Ignoring the ignoramuses (ignorami?) I was now stuck sharing the beach with (the rising tide had, as suspected, made passage back through the cave a danger to my gear), I spread my sarong, stripped off some layers, and alternated between dipping myself in a seemingly-temperate sea and snapping multitudes of photos as the rising sun illuminated the mammoth rock immediately offshore, making it glow copper, then gold, then almost white. As the sun gradually crept across the sand, I settled in with my book and enjoyed 3 more blissful hours camped out in the cove. So oblivious was I to my surroundings that I was quite startled when, at about 9am, I turned over to find that about 30 people had gathered along the beach. This experience couldn’t have differed more from the trip that Rich and I had made the week before down to this very same beach, with overcast skies, midday light and plenty of other photo-seekers snapping away. Despite the absent husband, I know which version of Cathedral Cove I prefer…

I very slowly made my way back up the track under the unabated glare of the near-midday sun (one of the indisputable perks of our first trip was having cloud cover to lessen the intensity of the sun) and noticed a marked change in the forest sounds this time: the noise of the cicadas, humming like the magnified sound of live wire, was overwhelming. It would be very easy to use every sea/beach/forest/mountain-ish hill cliché to describe my morning on the cove because they’re all true, but I hope I’ve done this beautiful spot a bit of justice.

Once back in town, I stopped at the main beach in Whitianga to enjoy another picnic meal, while the gulls eyed my food with envy and I eyed them with contempt and tried to decide how to spend my afternoon. For the past month, I’d been wanting to go shellfishing, finding it difficult to resist the urge to join other people in knee-deep water, forearms submerged as they rustled around, trying to collect dinner, but the timing had never been right and Rich was never too keen to stop. Recognising an opportunity when it came along, I grabbed my now-empty plastic bag and walked along the beach, unsure of what I was doing or where to do it.

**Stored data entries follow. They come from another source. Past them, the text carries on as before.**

(* Let $\mathcal V\subseteq B(H)$ be an operator system and suppose $p\in\mathcal V$ is a projection in $B(H)$. Then for any $x\in\mathcal V$ with $x=x^*$, we have $pxp\ge0$ in $B(H)$ if and only if for every $\epsilon>0$ there exists $t>0$ such that $x+\epsilon p+t(I-p)\ge 0$. *)

theory Defs
  imports "HOL-Analysis.Analysis" "HOL-Library.Complex_Order"
begin

text \<open>The order on complex numbers is the
library order (0 <= z iff z is a nonnegative real).\<close>

locale chilbert =
  fixes sc :: "complex \<Rightarrow> 'h::ab_group_add \<Rightarrow> 'h"
    and ip :: "'h \<Rightarrow> 'h \<Rightarrow> complex"
  assumes sc_one: "sc 1 x = x"
    and sc_assoc: "sc a (sc b x) = sc (a * b) x"
    and sc_add_left: "sc (a + b) x = sc a x + sc b x"
    and sc_add_right: "sc a (x + y) = sc a x + sc a y"
    and ip_add_left: "ip (x + y) z = ip x z + ip y z"
    and ip_sc_left: "ip (sc a x) y = a * ip x y"
    and ip_conj_sym: "ip y x = cnj (ip x y)"
    and ip_nonneg: "0 \<le> ip x x"
    and ip_definite: "ip x x = 0 \<Longrightarrow> x = 0"
    and complete: "\<And>f :: nat \<Rightarrow> 'h.
        (\<forall>e>0. \<exists>N. \<forall>m\<ge>N. \<forall>n\<ge>N. sqrt (Re (ip (f m - f n) (f m - f n))) < e)
        \<Longrightarrow> (\<exists>l. (\<lambda>n. sqrt (Re (ip (f n - l) (f n - l)))) \<longlonglongrightarrow> 0)"

definition hnorm :: "('h \<Rightarrow> 'h \<Rightarrow> complex) \<Rightarrow> 'h \<Rightarrow> real" where
  "hnorm ip x = sqrt (Re (ip x x))"

definition bounded_ops :: "(complex \<Rightarrow> 'h::ab_group_add \<Rightarrow> 'h) \<Rightarrow> ('h \<Rightarrow> 'h \<Rightarrow> complex)
    \<Rightarrow> ('h \<Rightarrow> 'h) set" where
  "bounded_ops sc ip = {T. (\<forall>x y. T (x + y) = T x + T y) \<and> (\<forall>a x. T (sc a x) = sc a (T x))
      \<and> (\<exists>K. \<forall>x. hnorm ip (T x) \<le> K * hnorm ip x)}"

definition is_adjoint :: "('h \<Rightarrow> 'h \<Rightarrow> complex) \<Rightarrow> ('h \<Rightarrow> 'h) \<Rightarrow> ('h \<Rightarrow> 'h) \<Rightarrow> bool" where
  "is_adjoint ip T S \<longleftrightarrow> (\<forall>u v. ip (T u) v = ip u (S v))"

definition selfadjoint_op :: "('h \<Rightarrow> 'h \<Rightarrow> complex) \<Rightarrow> ('h \<Rightarrow> 'h) \<Rightarrow> bool" where
  "selfadjoint_op ip T \<longleftrightarrow> is_adjoint ip T T"

definition positive_op :: "('h \<Rightarrow> 'h \<Rightarrow> complex) \<Rightarrow> ('h \<Rightarrow> 'h) \<Rightarrow> bool" where
  "positive_op ip T \<longleftrightarrow> (\<forall>u. 0 \<le> ip (T u) u)"

definition projection_op :: "(complex \<Rightarrow> 'h::ab_group_add \<Rightarrow> 'h) \<Rightarrow> ('h \<Rightarrow> 'h \<Rightarrow> complex)
    \<Rightarrow> ('h \<Rightarrow> 'h) \<Rightarrow> bool" where
  "projection_op sc ip p \<longleftrightarrow> p \<in> bounded_ops sc ip \<and> p \<circ> p = p \<and> selfadjoint_op ip p"

definition operator_system :: "(complex \<Rightarrow> 'h::ab_group_add \<Rightarrow> 'h) \<Rightarrow> ('h \<Rightarrow> 'h \<Rightarrow> complex)
    \<Rightarrow> ('h \<Rightarrow> 'h) set \<Rightarrow> bool" where
  "operator_system sc ip V \<longleftrightarrow> V \<subseteq> bounded_ops sc ip
     \<and> (\<lambda>u. 0) \<in> V
     \<and> (\<forall>S\<in>V. \<forall>T\<in>V. (\<lambda>u. S u + T u) \<in> V)
     \<and> (\<forall>a. \<forall>T\<in>V. (\<lambda>u. sc a (T u)) \<in> V)
     \<and> id \<in> V
     \<and> (\<forall>T\<in>V. \<exists>S\<in>V. is_adjoint ip T S)"

end

theory Submission
  imports Defs
begin

text \<open>Write \<open>u = a + b\<close> with \<open>a = p u\<close> and \<open>b = u - p u\<close>. Since \<open>a \<perp> b\<close>, the quadratic form of
\<open>x + \<epsilon>p + t(I - p)\<close> at \<open>u\<close> is
\<open>\<langle>x a, a\<rangle> + 2 Re \<langle>x b, a\<rangle> + \<langle>x b, b\<rangle> + \<epsilon>\<parallel>a\<parallel>\<^sup>2 + t\<parallel>b\<parallel>\<^sup>2\<close>.
Taking \<open>u = a\<close> shows \<open>\<langle>x a, a\<rangle> + \<epsilon>\<parallel>a\<parallel>\<^sup>2 \<ge> 0\<close> for all \<open>\<epsilon> > 0\<close>, hence \<open>pxp \<ge> 0\<close>. Conversely,
if \<open>\<langle>x a, a\<rangle> \<ge> 0\<close>, the cross term is absorbed by \<open>\<epsilon>\<parallel>a\<parallel>\<^sup>2/2\<close> and a multiple of \<open>\<parallel>b\<parallel>\<^sup>2\<close>
via \<open>2 Re \<langle>z, y\<rangle> \<ge> -(r\<parallel>y\<parallel>\<^sup>2 + \<parallel>z\<parallel>\<^sup>2/r)\<close>, and \<open>\<parallel>x b\<parallel>\<^sup>2 \<le> K\<parallel>b\<parallel>\<^sup>2\<close> bounds the remaining terms,
so a large \<open>t\<close> (of order \<open>K/\<epsilon>\<close>) makes the form nonnegative.\<close>

lemma nonneg_if_nonneg_add_eps_mult:
  fixes R M :: real
  assumes "0 \<le> M" and "\<And>e. 0 < e \<Longrightarrow> 0 \<le> R + e * M"
  shows "0 \<le> R"
proof (rule ccontr)
  assume "\<not> 0 \<le> R"
  then have "R + (- R / (M + 1)) * M = R / (M + 1)" "R / (M + 1) < 0"
    using \<open>0 \<le> M\<close> by (simp_all add: field_simps divide_neg_pos)
  moreover have "0 \<le> R + (- R / (M + 1)) * M"
    using \<open>\<not> 0 \<le> R\<close> \<open>0 \<le> M\<close> by (intro assms(2)) (simp add: divide_neg_pos)
  ultimately show False by simp
qed

context chilbert
begin

lemma ip_add_right: "ip z (y + w) = ip z y + ip z w"
  by (metis ip_conj_sym ip_add_left complex_cnj_add)

lemma ip_sc_right: "ip z (sc a y) = cnj a * ip z y"
  by (metis ip_conj_sym ip_sc_left complex_cnj_mult)

lemma ip_zero_right: "ip z 0 = 0"
  by (metis ip_conj_sym ip_add_left add_0 add_cancel_right_left complex_cnj_zero)

lemma sc_zero: "sc a 0 = 0"
  by (rule additive.zero) (simp add: Modules.additive.intro sc_add_right)

lemma Im_ip_self: "Im (ip y y) = 0"
  using ip_nonneg[of y] by (simp add: less_eq_complex_def)

lemma Re_ip_self_nonneg: "0 \<le> Re (ip y y)"
  using ip_nonneg[of y] by (simp add: less_eq_complex_def)

lemma Re_ip_self_scale_add:
  "Re (ip (sc (of_real r) y + z) (sc (of_real r) y + z))
     = r\<^sup>2 * Re (ip y y) + 2 * r * Re (ip z y) + Re (ip z z)"
proof -
  have "ip (sc (of_real r) y + z) (sc (of_real r) y + z)
     = of_real r * of_real r * ip y y + of_real r * ip y z + of_real r * ip z y + ip z z"
    by (simp add: ip_add_left ip_add_right ip_sc_left ip_sc_right algebra_simps)
  then show ?thesis
    using ip_conj_sym[of z y] by (simp add: power2_eq_square algebra_simps)
qed

text \<open>The nonnegativity of \<open>\<parallel>r y + z\<parallel>\<^sup>2\<close>, divided by \<open>r\<close>.\<close>

lemma two_Re_ip_lower_bound:
  assumes "0 < r"
  shows "- (r * Re (ip y y) + Re (ip z z) / r) \<le> 2 * Re (ip z y)"
proof -
  have "0 \<le> r\<^sup>2 * Re (ip y y) + 2 * r * Re (ip z y) + Re (ip z z)"
    using Re_ip_self_nonneg Re_ip_self_scale_add by metis
  also have "\<dots> = r * (r * Re (ip y y) + 2 * Re (ip z y) + Re (ip z z) / r)"
    using assms by (simp add: field_simps power2_eq_square)
  finally have "0 \<le> r * Re (ip y y) + 2 * Re (ip z y) + Re (ip z z) / r"
    using assms by (simp add: zero_le_mult_iff)
  then show ?thesis by linarith
qed

lemma bounded_ops_additive: "T \<in> bounded_ops sc ip \<Longrightarrow> Modules.additive T"
  by (simp add: bounded_ops_def Modules.additive_def)

lemma bounded_ops_Re_ip_bound:
  assumes "T \<in> bounded_ops sc ip"
  shows "\<exists>K\<ge>0. \<forall>y. Re (ip (T y) (T y)) \<le> K * Re (ip y y)"
proof -
  obtain K where K: "\<And>y. hnorm ip (T y) \<le> K * hnorm ip y"
    using assms unfolding bounded_ops_def by blast
  have "Re (ip (T y) (T y)) \<le> K\<^sup>2 * Re (ip y y)" for y
  proof -
    have "(hnorm ip (T y))\<^sup>2 \<le> (K * hnorm ip y)\<^sup>2"
      using K[of y] by (intro power_mono) (simp_all add: hnorm_def Re_ip_self_nonneg)
    then show ?thesis
      by (simp add: hnorm_def power_mult_distrib Re_ip_self_nonneg)
  qed
  then show ?thesis by (intro exI[of _ "K\<^sup>2"]) simp
qed

lemma selfadjoint_ip_swap:
  "selfadjoint_op ip T \<Longrightarrow> ip (T y) z = cnj (ip (T z) y)"
  by (metis ip_conj_sym selfadjoint_op_def is_adjoint_def)

lemma Im_ip_selfadjoint: "selfadjoint_op ip T \<Longrightarrow> Im (ip (T y) y) = 0"
  using selfadjoint_ip_swap[of T y y] by (metis Reals_cnj_iff complex_is_Real_iff)

lemma projection_idem: "projection_op sc ip p \<Longrightarrow> p (p u) = p u"
  by (metis projection_op_def comp_apply)

lemma projection_complement_eq_0: "projection_op sc ip p \<Longrightarrow> p (u - p u) = 0"
  using additive.diff[OF bounded_ops_additive, of p u "p u"]
  by (simp add: projection_op_def projection_idem)

lemma ip_projection_complement_eq_0:
  assumes "projection_op sc ip p"
  shows "ip (p u) (v - p v) = 0" and "ip (v - p v) (p u) = 0"
proof -
  show "ip (p u) (v - p v) = 0"
    using assms projection_complement_eq_0[OF assms, of v]
    by (simp add: projection_op_def selfadjoint_op_def is_adjoint_def ip_zero_right)
  then show "ip (v - p v) (p u) = 0"
    by (metis ip_conj_sym complex_cnj_zero)
qed

lemma ip_compression: "projection_op sc ip p \<Longrightarrow> ip ((p \<circ> T \<circ> p) u) u = ip (T (p u)) (p u)"
  by (simp add: projection_op_def selfadjoint_op_def is_adjoint_def)

lemma ip_perturbation_expand:
  fixes u :: 'h
  assumes p: "projection_op sc ip p" and "Modules.additive x" and "selfadjoint_op ip x"
  defines "a \<equiv> p u" and "b \<equiv> u - p u"
  shows "ip (x u + sc (of_real e) (p u) + sc (of_real t) (u - p u)) u
    = of_real (Re (ip (x a) a) + 2 * Re (ip (x b) a) + Re (ip (x b) b)
        + e * Re (ip a a) + t * Re (ip b b))"
proof -
  have "x u = x a + x b"
    using additive.add[OF \<open>Modules.additive x\<close>, of a b] by (simp add: a_def b_def)
  then have "ip (x u + sc (of_real e) (p u) + sc (of_real t) (u - p u)) u
      = ip (x a + x b + sc (of_real e) a + sc (of_real t) b) (a + b)"
    by (simp add: a_def b_def)
  also have "\<dots> = ip (x a) a + (ip (x b) a + cnj (ip (x b) a)) + ip (x b) b
        + of_real e * ip a a + of_real t * ip b b"
    using ip_projection_complement_eq_0[OF p, of u u, folded a_def b_def]
      selfadjoint_ip_swap[OF \<open>selfadjoint_op ip x\<close>, of a b]
    by (simp add: ip_add_left ip_add_right ip_sc_left algebra_simps)
  finally show ?thesis
    using Im_ip_selfadjoint[OF \<open>selfadjoint_op ip x\<close>]
    by (simp add: complex_eq_iff Im_ip_self)
qed

lemma perturbation_positive_if_compression_positive:
  assumes p: "projection_op sc ip p"
    and x: "x \<in> bounded_ops sc ip" "selfadjoint_op ip x"
    and pxp: "positive_op ip (p \<circ> x \<circ> p)" and "0 < \<epsilon>"
  shows "\<exists>t>0. positive_op ip (\<lambda>u. x u + sc (of_real \<epsilon>) (p u) + sc (of_real t) (u - p u))"
proof -
  obtain K where "0 \<le> K" and K: "\<And>y. Re (ip (x y) (x y)) \<le> K * Re (ip y y)"
    using bounded_ops_Re_ip_bound[OF x(1)] by blast
  \<comment> \<open>\<open>2K/\<epsilon>\<close> absorbs the cross term, \<open>(1 + K)/2\<close> the term \<open>\<langle>x b, b\<rangle>\<close>, and \<open>1\<close> keeps \<open>t > 0\<close>\<close>
  define t where "t = 2 * K / \<epsilon> + (1 + K) / 2 + 1"
  have "0 < t"
    using \<open>0 \<le> K\<close> \<open>0 < \<epsilon>\<close> by (simp add: t_def add_nonneg_pos)
  moreover have "positive_op ip (\<lambda>u. x u + sc (of_real \<epsilon>) (p u) + sc (of_real t) (u - p u))"
    unfolding positive_op_def
  proof
    fix u
    define a where "a = p u"
    define b where "b = u - p u"
    have "0 \<le> Re (ip (x a) a)"
      using pxp ip_compression[OF p, of x u] unfolding positive_op_def a_def
      by (metis less_eq_complex_def zero_complex.sel(1))
    moreover have "- (\<epsilon> * Re (ip a a) / 2 + Re (ip (x b) (x b)) / (\<epsilon> / 2))
        \<le> 2 * Re (ip (x b) a)"
      using two_Re_ip_lower_bound[of "\<epsilon> / 2" a "x b"] \<open>0 < \<epsilon>\<close> by simp
    moreover have "- (Re (ip b b) + Re (ip (x b) (x b))) \<le> 2 * Re (ip (x b) b)"
      using two_Re_ip_lower_bound[of 1 b "x b"] by simp
    moreover have "Re (ip (x b) (x b)) / (\<epsilon> / 2) \<le> K * Re (ip b b) / (\<epsilon> / 2)"
      using K[of b] \<open>0 < \<epsilon>\<close> by (simp add: divide_right_mono)
    moreover have "t * Re (ip b b)
        = K * Re (ip b b) / (\<epsilon> / 2) + K * Re (ip b b) / 2 + Re (ip b b) / 2 + Re (ip b b)"
      using \<open>0 < \<epsilon>\<close> by (simp add: t_def field_simps)
    moreover have "0 \<le> \<epsilon> * Re (ip a a)" "0 \<le> Re (ip b b)"
      using \<open>0 < \<epsilon>\<close> Re_ip_self_nonneg by simp_all
    ultimately have "0 \<le> Re (ip (x a) a) + 2 * Re (ip (x b) a) + Re (ip (x b) b)
        + \<epsilon> * Re (ip a a) + t * Re (ip b b)"
      using K[of b] by linarith
    then show "0 \<le> ip (x u + sc (of_real \<epsilon>) (p u) + sc (of_real t) (u - p u)) u"
      using ip_perturbation_expand[OF p bounded_ops_additive[OF x(1)] x(2), of u \<epsilon> t]
      by (simp add: a_def b_def less_eq_complex_def)
  qed
  ultimately show ?thesis by blast
qed

lemma compression_positive_if_perturbations_positive:
  assumes p: "projection_op sc ip p"
    and pos: "\<And>\<epsilon>. 0 < \<epsilon> \<Longrightarrow>
      \<exists>t. positive_op ip (\<lambda>u. x u + sc (of_real \<epsilon>) (p u) + sc (of_real t) (u - p u))"
  shows "positive_op ip (p \<circ> x \<circ> p)"
  unfolding positive_op_def
proof
  fix v
  define w where "w = p v"
  have pw: "p w = w" by (simp add: w_def projection_idem[OF p])
  have perturbed: "0 \<le> ip (x w) w + of_real \<epsilon> * ip w w" if "0 < \<epsilon>" for \<epsilon>
  proof -
    obtain t where "positive_op ip (\<lambda>u. x u + sc (of_real \<epsilon>) (p u) + sc (of_real t) (u - p u))"
      using pos \<open>0 < \<epsilon>\<close> by blast
    then have "0 \<le> ip (x w + sc (of_real \<epsilon>) (p w) + sc (of_real t) (w - p w)) w"
      unfolding positive_op_def by blast
    then show ?thesis by (simp add: pw sc_zero ip_add_left ip_sc_left)
  qed
  have "Im (ip (x w) w) = 0"
    using perturbed[of 1] Im_ip_self by (simp add: less_eq_complex_def)
  moreover have "0 \<le> Re (ip (x w) w)"
  proof (rule nonneg_if_nonneg_add_eps_mult[OF Re_ip_self_nonneg])
    show "0 \<le> Re (ip (x w) w) + \<epsilon> * Re (ip w w)" if "0 < \<epsilon>" for \<epsilon>
      using perturbed[OF that] by (simp add: less_eq_complex_def)
  qed
  ultimately have "0 \<le> ip (x w) w"
    by (simp add: less_eq_complex_def)
  then show "0 \<le> ip ((p \<circ> x \<circ> p) v) v"
    by (simp only: ip_compression[OF p] w_def)
qed

end

theorem lemma4p5:
  fixes sc :: "complex \<Rightarrow> 'h::ab_group_add \<Rightarrow> 'h"
    and ip :: "'h \<Rightarrow> 'h \<Rightarrow> complex"
    and V :: "('h \<Rightarrow> 'h) set"
    and p x :: "'h \<Rightarrow> 'h"
  assumes "chilbert sc ip"
    and "operator_system sc ip V"
    and "p \<in> V" and "projection_op sc ip p"
    and "x \<in> V" and "selfadjoint_op ip x"
  shows "positive_op ip (p \<circ> x \<circ> p) \<longleftrightarrow>
    (\<forall>\<epsilon>::real. \<epsilon> > 0 \<longrightarrow> (\<exists>t::real. t > 0 \<and>
       positive_op ip (\<lambda>u. x u + sc (complex_of_real \<epsilon>) (p u) + sc (complex_of_real t) (u - p u))))"
proof -
  interpret chilbert sc ip by fact
  have "x \<in> bounded_ops sc ip"
    using assms(2,5) by (auto simp: operator_system_def)
  then show ?thesis
    using perturbation_positive_if_compression_positive[OF assms(4) _ assms(6)]
      compression_positive_if_perturbations_positive[OF assms(4), of x]
    by blast
qed

end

Gradually, a small cluster of people had begun to gather in the water just outside the harbour, so I walked that way and joined them, spending a very entertaining half hour or more collecting my ration of 50 pipis (‘pippis’, like an oblong clam). Having not checked with any of the Eccleses (eseses) to see if they actually LIKED pipis, I knew that I may end up putting these little guys back where they came from, but I didn’t even care. The collecting is the fun part. As it turned out, my bag full of shellfish was adopted by a woman across the road from the house, and that was just fine by me – I had bigger (shell)fish to fry for dinner.

Not long before supper, we went to the local airfield to see Diane off on a rather rock-star adventure. She was being collected by helicopter and flown out to to a private home on Great Mercury Island to give massages to the rich and semi-famous for a couple of days. Tough!

As Graham and I waved goodbye to a very nervous Diane, my thoughts turned, as they usually do, to food. I was SO excited about dinner that I couldn’t wait to get home and get eating. As it turned out, our crayfish and scallop dinner was every bit as good as I’d hoped and we did a pretty good job demolishing the tails and a few legs from two of the crayfish and all 25 scallops, some of which Ryan had taken to the local fish and chip shop in order to have them battered fried. I’d always thought that battered scallops would be horrible and rubbery, but it turns out that when you live in a small town and have access to both fresh seafood and a BYO fish and chip place (which I think is hilarious), fried scallops are actually right up my alley. A couple of glasses of wine (rather than a couple of bottles, this time) with dinner and some good chat about life and rugby, then it was time for bed. My 5am start was definitely getting the better of me, but what a day it was…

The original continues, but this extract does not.